▶ [Instructions for the task]: Find the string "fresh" in the records. Copy each line that has it.

(Collected data)
· · ·

(* Consider the WKD-IBE construction and signature algorithm described in the context, with fixed public parameters $\mathsf{Params}=(g,g_1,g_2,g_3,h_1,\dots,h_\ell,h_s)$ and master secret $\alpha$. For any pattern $S$, any two well-formed keys $k_1,k_2$ for the pattern $S$, and any message $m\in\mathbb{Z}_p^*$, the distribution of $\mathbf{Sign}(k_1,m)$ is equal to the distribution of $\mathbf{Sign}(k_2,m)$ (over the internal randomness of $\mathbf{Sign}$); that is, the two signature distributions are information-theoretically indistinguishable.
   Context: Patterns: for a prime $p$ and integer $\ell$, a pattern is $S\in(\mathbb{Z}_p^*\cup\{\bot\})^\ell$; $\mathrm{fixed}(S)=\{(i,S(i)):S(i)\neq\bot\}$, $\mathrm{free}(S)=\{i:S(i)=\bot\}$; $P$ matches $S$ if for all $i$, $P(i)=\bot$ or $P(i)=S(i)$. (In JEDI a (URI, time) pair is encoded as such a pattern.) Construction. Let $\mathbb{G}_1,\mathbb{G}_2,\mathbb{G}_T$ be cyclic groups of prime order $p$ with a bilinear map $e:\mathbb{G}_1\times\mathbb{G}_2\to\mathbb{G}_T$. $\mathbf{Setup}(1^\ell)$: choose $g\in\mathbb{G}_2$ and $g_2,g_3,h_1,\dots,h_\ell,h_s\in\mathbb{G}_1$ uniformly, $\alpha\in\mathbb{Z}_p$ uniformly, set $g_1=g^\alpha$; $\mathsf{Params}=(g,g_1,g_2,g_3,h_1,\dots,h_\ell,h_s)$ and $\mathsf{MasterKey}=g_2^\alpha$. Here $s$ is a special index, distinct from $1,\dots,\ell$, never fixed in a pattern. For a pattern $S$ write $Q_S=g_3\prod_{(i,a_i)\in\mathrm{fixed}(S)}h_i^{a_i}$. Keys are triples $(k_0,k_1,B)$ with $k_0\in\mathbb{G}_1$, $k_1\in\mathbb{G}_2$, and $B$ a set of pairs $(j,b_j)$, $b_j\in\mathbb{G}_1$. $\mathbf{KeyDer}$ from the master key to pattern $S$: sample $r\in\mathbb{Z}_p$ and output $(g_2^\alpha Q_S^r,\ g^r,\ \{(j,h_j^r)\}_{j\in\mathrm{free}(S)\cup\{s\}})$. $\mathbf{KeyDer}$ from a key $(k_0,k_1,B)$, $B=\{(i,b_i)\}$, to pattern $S$: sample $t\in\mathbb{Z}_p$ and output $\big(k_0\,Q_S^t\prod_{(i,a_i)\in\mathrm{fixed}(S),\,(i,b_i)\in B}b_i^{a_i},\ g^t k_1,\ \{(j,h_j^t b_j)\}_{j\in\mathrm{free}(S)\cup\{s\}}\big)$. A key for pattern $S$ is well-formed if it equals $(g_2^\alpha Q_S^{r_0},\ g^{r_0},\ \{(j,h_j^{r_0})\}_{j\in\mathrm{free}(S)\cup\{s\}})$ for some $r_0\in\mathbb{Z}_p$. Signing. $\mathbf{Sign}(K,m)$ for a key $K=(k_0,k_1,B)$ for pattern $S$ with $(s,b_s)\in B$ and $m\in\mathbb{Z}_p^*$: sample $t\in\mathbb{Z}_p$ and output $\big(k_0\,(Q_S\,h_s^m)^t\,b_s^m,\ g^t k_1\big)$. *)

theory Defs
  imports "HOL-Probability.Probability_Mass_Function" "HOL-Algebra.FiniteProduct" "HOL-Algebra.Generated_Groups"
begin

(* Patterns of length l: lists of length l; entry Some a is a fixed component (a in Z_p^* ),
   None is the free symbol (bottom). Components are indexed 0..l-1. *)
type_synonym pattern = "nat option list"

(* key indices: position i (0-based) or the special signing index s *)
datatype idx = Pos nat | Spec

definition valid_pattern :: "nat \<Rightarrow> nat \<Rightarrow> pattern \<Rightarrow> bool" where
  "valid_pattern p l S \<longleftrightarrow> length S = l \<and> (\<forall>i<length S. \<forall>a. S ! i = Some a \<longrightarrow> a \<in> {1..<p})"

definition fixed_idx :: "pattern \<Rightarrow> nat set" where
  "fixed_idx S = {i. i < length S \<and> S ! i \<noteq> None}"

definition free_idx :: "pattern \<Rightarrow> nat set" where
  "free_idx S = {i. i < length S \<and> S ! i = None}"

definition Q_pat :: "('a, 'm) monoid_scheme \<Rightarrow> 'a \<Rightarrow> (nat \<Rightarrow> 'a) \<Rightarrow> pattern \<Rightarrow> 'a" where
  "Q_pat G1 g3 h S = g3 \<otimes>\<^bsub>G1\<^esub> (\<Otimes>\<^bsub>G1\<^esub> i\<in>fixed_idx S. h i [^]\<^bsub>G1\<^esub> the (S ! i))"

type_synonym ('a, 'b) key = "'a \<times> 'b \<times> (idx \<Rightarrow> 'a option)"

definition wf_key_r :: "('a, 'm) monoid_scheme \<Rightarrow> ('b, 'n) monoid_scheme \<Rightarrow> 'b \<Rightarrow> 'a \<Rightarrow> nat
    \<Rightarrow> 'a \<Rightarrow> (nat \<Rightarrow> 'a) \<Rightarrow> 'a \<Rightarrow> pattern \<Rightarrow> nat \<Rightarrow> ('a, 'b) key" where
  "wf_key_r G1 G2 g g2 \<alpha> g3 h hs S r0 =
     (g2 [^]\<^bsub>G1\<^esub> \<alpha> \<otimes>\<^bsub>G1\<^esub> Q_pat G1 g3 h S [^]\<^bsub>G1\<^esub> r0,
      g [^]\<^bsub>G2\<^esub> r0,
      (\<lambda>j. case j of Pos i \<Rightarrow> (if i \<in> free_idx S then Some (h i [^]\<^bsub>G1\<^esub> r0) else None)
                 | Spec \<Rightarrow> Some (hs [^]\<^bsub>G1\<^esub> r0)))"

definition well_formed_key :: "('a, 'm) monoid_scheme \<Rightarrow> ('b, 'n) monoid_scheme \<Rightarrow> nat \<Rightarrow> 'b \<Rightarrow> 'a \<Rightarrow> nat
    \<Rightarrow> 'a \<Rightarrow> (nat \<Rightarrow> 'a) \<Rightarrow> 'a \<Rightarrow> pattern \<Rightarrow> ('a, 'b) key \<Rightarrow> bool" where
  "well_formed_key G1 G2 p g g2 \<alpha> g3 h hs S K \<longleftrightarrow> (\<exists>r0 \<in> {..<p}. K = wf_key_r G1 G2 g g2 \<alpha> g3 h hs S r0)"

definition sign_dist :: "('a, 'm) monoid_scheme \<Rightarrow> ('b, 'n) monoid_scheme \<Rightarrow> nat \<Rightarrow> 'b
    \<Rightarrow> 'a \<Rightarrow> (nat \<Rightarrow> 'a) \<Rightarrow> 'a \<Rightarrow> pattern \<Rightarrow> ('a, 'b) key \<Rightarrow> nat \<Rightarrow> ('a \<times> 'b) pmf" where
  "sign_dist G1 G2 p g g3 h hs S K m =
     (case K of (k0, k1, B) \<Rightarrow>
        map_pmf (\<lambda>t. (k0 \<otimes>\<^bsub>G1\<^esub> (Q_pat G1 g3 h S \<otimes>\<^bsub>G1\<^esub> hs [^]\<^bsub>G1\<^esub> m) [^]\<^bsub>G1\<^esub> t
                        \<otimes>\<^bsub>G1\<^esub> the (B Spec) [^]\<^bsub>G1\<^esub> m,
                     g [^]\<^bsub>G2\<^esub> t \<otimes>\<^bsub>G2\<^esub> k1))
                (pmf_of_set {..<p}))"

definition prime_cyclic_group :: "('a, 'm) monoid_scheme \<Rightarrow> nat \<Rightarrow> bool" where
  "prime_cyclic_group G p \<longleftrightarrow> comm_group G \<and> finite (carrier G) \<and> card (carrier G) = p
     \<and> (\<exists>x\<in>carrier G. generate G {x} = carrier G)"

definition bilinear_map :: "('a, 'm) monoid_scheme \<Rightarrow> ('b, 'n) monoid_scheme \<Rightarrow> ('c, 'o) monoid_scheme
    \<Rightarrow> ('a \<Rightarrow> 'b \<Rightarrow> 'c) \<Rightarrow> bool" where
  "bilinear_map G1 G2 Gt e \<longleftrightarrow>
     (\<forall>x\<in>carrier G1. \<forall>y\<in>carrier G2. e x y \<in> carrier Gt) \<and>
     (\<forall>x\<in>carrier G1. \<forall>x'\<in>carrier G1. \<forall>y\<in>carrier G2. e (x \<otimes>\<^bsub>G1\<^esub> x') y = e x y \<otimes>\<^bsub>Gt\<^esub> e x' y) \<and>
     (\<forall>x\<in>carrier G1. \<forall>y\<in>carrier G2. \<forall>y'\<in>carrier G2. e x (y \<otimes>\<^bsub>G2\<^esub> y') = e x y \<otimes>\<^bsub>Gt\<^esub> e x y')"

end

theory Submission
  imports Defs "HOL-Algebra.Multiplicative_Group" "HOL-Number_Theory.Cong"
begin

text \<open>A signature made with the well-formed key of randomness r and signing randomness t is
  exactly the signature made with the key of randomness 0 and signing randomness r + t: the
  key's randomness is absorbed into the exponent of Q_S h_s^m in the first component and of g in
  the second. Since exponents only matter modulo p and t is uniform on Z_p, so is r + t mod p,
  hence the signature distribution does not depend on r.\<close>

lemma bij_betw_add_mod_lessThan:
  assumes "0 < (p::nat)"
  shows "bij_betw (\<lambda>t. (r + t) mod p) {..<p} {..<p}"
proof -
  have inj: "inj_on (\<lambda>t. (r + t) mod p) {..<p}"
  proof (rule inj_onI)
    fix a b assume "a \<in> {..<p}" "b \<in> {..<p}" "(r + a) mod p = (r + b) mod p"
    then show "a = b" by (simp add: cong_def[symmetric] cong_add_lcancel_nat) (simp add: cong_def)
  qed
  then have "(\<lambda>t. (r + t) mod p) ` {..<p} = {..<p}"
    using assms by (intro endo_inj_surj) auto
  with inj show ?thesis by (simp add: bij_betw_def)
qed

lemma map_pmf_add_mod_pmf_of_set_lessThan:
  assumes "0 < (p::nat)"
  shows "map_pmf (\<lambda>t. (r + t) mod p) (pmf_of_set {..<p}) = pmf_of_set {..<p}"
  using assms by (intro map_pmf_of_set_bij_betw bij_betw_add_mod_lessThan) auto

lemma (in group) nat_pow_mod_order:
  fixes n :: nat
  assumes "x \<in> carrier G"
  shows "x [^] (n mod order G) = x [^] n"
proof -
  have "x [^] n = (x [^] order G) [^] (n div order G) \<otimes> x [^] (n mod order G)"
    using assms by (simp add: nat_pow_pow nat_pow_mult)
  then show ?thesis
    using assms by (simp add: pow_order_eq_1)
qed

lemma (in comm_group) nat_pow_rerandomize:
  fixes r m t :: nat
  assumes "q \<in> carrier G" "s \<in> carrier G"
  shows "q [^] r \<otimes> (q \<otimes> s [^] m) [^] t \<otimes> (s [^] r) [^] m = (q \<otimes> s [^] m) [^] (r + t)"
proof -
  have "(q \<otimes> s [^] m) [^] r = q [^] r \<otimes> (s [^] r) [^] m"
    using assms by (simp add: pow_mult_distrib[OF m_comm] nat_pow_pow mult.commute)
  then show ?thesis
    using assms by (simp add: nat_pow_mult[symmetric] m_ac)
qed

lemma (in comm_monoid) Q_pat_closed:
  assumes "g3 \<in> carrier G" "\<forall>i\<in>fixed_idx S. h i \<in> carrier G"
  shows "Q_pat G g3 h S \<in> carrier G"
  using assms unfolding Q_pat_def by (intro m_closed finprod_closed) auto

lemma sign_dist_wf_key_r:
  assumes "comm_group G1" "group G2" "order G1 = p" "order G2 = p" "0 < p"
    and "g \<in> carrier G2" "g2 \<in> carrier G1" "hs \<in> carrier G1"
    and "Q_pat G1 g3 h S \<in> carrier G1"
  shows "sign_dist G1 G2 p g g3 h hs S (wf_key_r G1 G2 g g2 \<alpha> g3 h hs S r) m
    = map_pmf (\<lambda>u. (g2 [^]\<^bsub>G1\<^esub> \<alpha> \<otimes>\<^bsub>G1\<^esub> (Q_pat G1 g3 h S \<otimes>\<^bsub>G1\<^esub> hs [^]\<^bsub>G1\<^esub> m) [^]\<^bsub>G1\<^esub> u,
                    g [^]\<^bsub>G2\<^esub> u))
        (pmf_of_set {..<p})"
    (is "_ = map_pmf ?fresh _")
proof -
  interpret G1: comm_group G1 by fact
  interpret G2: group G2 by fact
  let ?Q = "Q_pat G1 g3 h S"
  have "sign_dist G1 G2 p g g3 h hs S (wf_key_r G1 G2 g g2 \<alpha> g3 h hs S r) m
      = map_pmf (\<lambda>t. ?fresh ((r + t) mod p)) (pmf_of_set {..<p})"
  proof -
    have "g2 [^]\<^bsub>G1\<^esub> \<alpha> \<otimes>\<^bsub>G1\<^esub> ?Q [^]\<^bsub>G1\<^esub> r
          \<otimes>\<^bsub>G1\<^esub> (?Q \<otimes>\<^bsub>G1\<^esub> hs [^]\<^bsub>G1\<^esub> m) [^]\<^bsub>G1\<^esub> t
          \<otimes>\<^bsub>G1\<^esub> (hs [^]\<^bsub>G1\<^esub> r) [^]\<^bsub>G1\<^esub> m
        = g2 [^]\<^bsub>G1\<^esub> \<alpha> \<otimes>\<^bsub>G1\<^esub> (?Q \<otimes>\<^bsub>G1\<^esub> hs [^]\<^bsub>G1\<^esub> m) [^]\<^bsub>G1\<^esub> ((r + t) mod p)"
      for t
      using assms G1.nat_pow_rerandomize[of ?Q hs r m t] G1.nat_pow_mod_order[of _ "r + t"]
      by (simp add: G1.m_assoc)
    moreover have "g [^]\<^bsub>G2\<^esub> t \<otimes>\<^bsub>G2\<^esub> g [^]\<^bsub>G2\<^esub> r = g [^]\<^bsub>G2\<^esub> ((r + t) mod p)" for t
      using assms G2.nat_pow_mod_order[of g "r + t"] by (simp add: G2.nat_pow_mult add.commute)
    ultimately show ?thesis
      by (simp add: sign_dist_def wf_key_r_def)
  qed
  also have "\<dots> = map_pmf ?fresh (map_pmf (\<lambda>t. (r + t) mod p) (pmf_of_set {..<p}))"
    by (simp add: pmf.map_comp o_def)
  also have "\<dots> = map_pmf ?fresh (pmf_of_set {..<p})"
    using assms(5) by (simp add: map_pmf_add_mod_pmf_of_set_lessThan)
  finally show ?thesis .
qed

theorem theorem2:
  fixes G1 :: "('a, 'm) monoid_scheme" and G2 :: "('b, 'n) monoid_scheme"
    and Gt :: "('c, 'o) monoid_scheme" and e :: "'a \<Rightarrow> 'b \<Rightarrow> 'c"
    and p l :: nat and g g1 :: 'b and g2 g3 hs :: 'a and h :: "nat \<Rightarrow> 'a" and \<alpha> :: nat
    and S :: pattern and K1 K2 :: "('a, 'b) key" and m :: nat
  assumes "prime p"
    and "prime_cyclic_group G1 p" and "prime_cyclic_group G2 p" and "prime_cyclic_group Gt p"
    and "bilinear_map G1 G2 Gt e"
    and "g \<in> carrier G2" and "g2 \<in> carrier G1" and "g3 \<in> carrier G1" and "hs \<in> carrier G1"
    and "\<forall>i<l. h i \<in> carrier G1"
    and "\<alpha> < p" and "g1 = g [^]\<^bsub>G2\<^esub> \<alpha>"
    and "valid_pattern p l S"
    and "well_formed_key G1 G2 p g g2 \<alpha> g3 h hs S K1"
    and "well_formed_key G1 G2 p g g2 \<alpha> g3 h hs S K2"
    and "m \<in> {1..<p}"
  shows "sign_dist G1 G2 p g g3 h hs S K1 m = sign_dist G1 G2 p g g3 h hs S K2 m"
proof -
  have G1: "comm_group G1" "order G1 = p" and G2: "comm_group G2" "order G2 = p"
    using assms(2,3) by (auto simp: prime_cyclic_group_def order_def)
  have "Q_pat G1 g3 h S \<in> carrier G1"
    using assms(8,10,13) comm_group.axioms(1)[OF G1(1)]
    by (intro comm_monoid.Q_pat_closed) (auto simp: fixed_idx_def valid_pattern_def)
  then have sign_wf: "sign_dist G1 G2 p g g3 h hs S (wf_key_r G1 G2 g g2 \<alpha> g3 h hs S r) m
      = sign_dist G1 G2 p g g3 h hs S (wf_key_r G1 G2 g g2 \<alpha> g3 h hs S 0) m" for r
    using G1 G2 assms(1,6,7,9) comm_group.axioms(2)[OF G2(1)] prime_gt_0_nat
    by (simp only: sign_dist_wf_key_r)
  from assms(14,15) obtain r1 r2 where
    "K1 = wf_key_r G1 G2 g g2 \<alpha> g3 h hs S r1" "K2 = wf_key_r G1 G2 g g2 \<alpha> g3 h hs S r2"
    by (auto simp: well_formed_key_def)
  then show ?thesis using sign_wf[of r1] sign_wf[of r2] by simp
qed

end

· · ·

▶ [Finished exercise]:
    (is "_ = map_pmf ?fresh _")
      = map_pmf (\<lambda>t. ?fresh ((r + t) mod p)) (pmf_of_set {..<p})"
  also have "\<dots> = map_pmf ?fresh (map_pmf (\<lambda>t. (r + t) mod p) (pmf_of_set {..<p}))"
  also have "\<dots> = map_pmf ?fresh (pmf_of_set {..<p})"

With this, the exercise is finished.